Heads of regional associations
Heterogeneity marks the European experience of assisted dying. For me, however, it remains clear that euthanasia is not a part of palliative care.
Christoph Ostgathe
President, European Association of Palliative Care (EAPC); Professor, Palliative Medicine, University Hospital Erlangen Nürnberg, Germany
The European Association of Palliative Care has 56 national member associations from 30 European and three non-European countries, as well as individual members from a total of 52 countries worldwide. The EAPC aims to bring together those with an interest in, or working in, hospice and palliative care. Under the motto "One Voice—One Vision," EAPC aims to help prevent or reduce unnecessary suffering for people with life-threatening illnesses and their families worldwide, and to ensure that all people, wherever they live in the world, have equal access to hospice and palliative services as an integral part of the health care system.
As a large and multinational palliative care association, even though we have an official position on euthanasia and assisted suicide,1 it is important to accept the heterogeneity of positions on these issues within our peer group. The results of the IAHPC survey underpin this heterogeneity.
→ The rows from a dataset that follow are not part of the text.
(* Let $C=(v_0v_1\cdots v_{2i-1})$ be a convex cycle of length $2i\ge 4$ in a mirror graph $G$. Then for every edge $ab$ with $ab\,\Theta\,v_0v_1$, either both $a,b$ lie in $W_{v_2v_1}\cap W_{v_3v_2}\cap\cdots\cap W_{v_iv_{i-1}}$, or both $a,b$ lie in the intersection of the complements $\bigcap_{j=2}^{i}\bigl(V(G)\setminus W_{v_jv_{j-1}}\bigr)$.
   Context: A mirror graph is a finite connected simple graph $G$ admitting a partition $\{E_1,\dots,E_k\}$ of its edges such that for every $i$ there is an automorphism $\alpha_i$ swapping the endpoints of every edge of $E_i$, with $G-E_i$ having exactly two components that $\alpha_i$ maps isomorphically onto each other. Mirror graphs are partial cubes; $\Theta$ is the relation on edges $ab\,\Theta\,xy$ iff $d(a,x)+d(b,y)\neq d(a,y)+d(b,x)$ ($d$ the shortest-path distance), an equivalence relation on edges of a partial cube. For an edge $uv$, $W_{uv}=\{w\in V(G): d(u,w)<d(v,w)\}$. A cycle is convex if every shortest path of $G$ between two of its vertices lies on it. *)

theory Defs
  imports Main
begin

definition simple_graph :: "'a set \<Rightarrow> ('a \<Rightarrow> 'a \<Rightarrow> bool) \<Rightarrow> bool" where
  "simple_graph V E \<longleftrightarrow> finite V \<and> (\<forall>u v. E u v \<longrightarrow> u \<in> V \<and> v \<in> V)
     \<and> (\<forall>u v. E u v \<longrightarrow> E v u) \<and> (\<forall>u. \<not> E u u)"

definition walk :: "'a set \<Rightarrow> ('a \<Rightarrow> 'a \<Rightarrow> bool) \<Rightarrow> 'a list \<Rightarrow> bool" where
  "walk V E xs \<longleftrightarrow> xs \<noteq> [] \<and> set xs \<subseteq> V \<and> (\<forall>k < length xs - 1. E (xs ! k) (xs ! Suc k))"

definition connected_graph :: "'a set \<Rightarrow> ('a \<Rightarrow> 'a \<Rightarrow> bool) \<Rightarrow> bool" where
  "connected_graph V E \<longleftrightarrow> V \<noteq> {} \<and>
     (\<forall>u\<in>V. \<forall>w\<in>V. \<exists>xs. walk V E xs \<and> hd xs = u \<and> last xs = w)"

definition gdist :: "'a set \<Rightarrow> ('a \<Rightarrow> 'a \<Rightarrow> bool) \<Rightarrow> 'a \<Rightarrow> 'a \<Rightarrow> nat" where
  "gdist V E u w = (LEAST n. \<exists>xs. walk V E xs \<and> hd xs = u \<and> last xs = w \<and> length xs = Suc n)"

definition edges :: "('a \<Rightarrow> 'a \<Rightarrow> bool) \<Rightarrow> 'a set set" where
  "edges E = {{u, v} | u v. E u v}"

definition components :: "'a set \<Rightarrow> ('a \<Rightarrow> 'a \<Rightarrow> bool) \<Rightarrow> 'a set set" where
  "components V E = {{w \<in> V. \<exists>xs. walk V E xs \<and> hd xs = u \<and> last xs = w} | u. u \<in> V}"

definition automorphism :: "'a set \<Rightarrow> ('a \<Rightarrow> 'a \<Rightarrow> bool) \<Rightarrow> ('a \<Rightarrow> 'a) \<Rightarrow> bool" where
  "automorphism V E \<alpha> \<longleftrightarrow> bij_betw \<alpha> V V \<and> (\<forall>u\<in>V. \<forall>v\<in>V. E u v \<longleftrightarrow> E (\<alpha> u) (\<alpha> v))"

definition delete_edges :: "('a \<Rightarrow> 'a \<Rightarrow> bool) \<Rightarrow> 'a set set \<Rightarrow> 'a \<Rightarrow> 'a \<Rightarrow> bool" where
  "delete_edges E F = (\<lambda>u v. E u v \<and> {u, v} \<notin> F)"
The survey results demonstrate wide-ranging attitudes between international members, most of whom work in the field of hospice and palliative care. These views include a variety of positions, from outright opposition to a significant group who support patients’ access to euthanasia and say that this practice should be a part of palliative care.
It is likely that this heterogeneity equally applies to the EAPC. However, without undertaking similar work in Europe, it is not possible to speak on behalf of the entire EAPC. My personal view is that (many) EAPC members may have a differing view and position to my own, thus, I am presenting my own personal perspective, but wearing my EAPC glasses.
In a growing number of countries around the world, euthanasia—through legislation or decriminalization—is becoming a normal part of health care. In countries where euthanasia has been legalized for some time, evidence suggests that in all of these countries the criteria for euthanasia have been successively expanded over time. In 2016, the EAPC stated in its white paper on euthanasia and physician-assisted suicide (PAS): "the EAPC respects individual choices for euthanasia and PAS but stresses the importance of refocusing attention onto the responsibility of all societies to provide care for their older, dying and vulnerable citizens. A major component in achieving this is the establishment of palliative care within the mainstream healthcare systems of all countries supported by appropriate finance, education and research."1 For me, it remains clear that "euthanasia is not part of palliative care." 1
National regulations, and how they are interpreted, may vary from service to service, from expert to expert. However we, as palliative care associations, services, and experts, cannot bury our heads in the sand like an ostrich, but must find a way to deal with the situation in our countries without betraying the principles of palliative care. What is also true is that our goal—that all people, no matter where they live, should have equal access to hospice and palliative services—is far from being achieved. We, as EAPC—and this is true for all of our members—will continue to work to achieve this goal!
Reference
1. Radbruch L, Leget C, Bahr P, Müller-Busch C, Ellershaw J, de Conno F, Vanden Berghe P. Euthanasia and physician-assisted suicide: A white paper from the European Association for Palliative Care. Palliat Med 2016; 30(2): 104-116.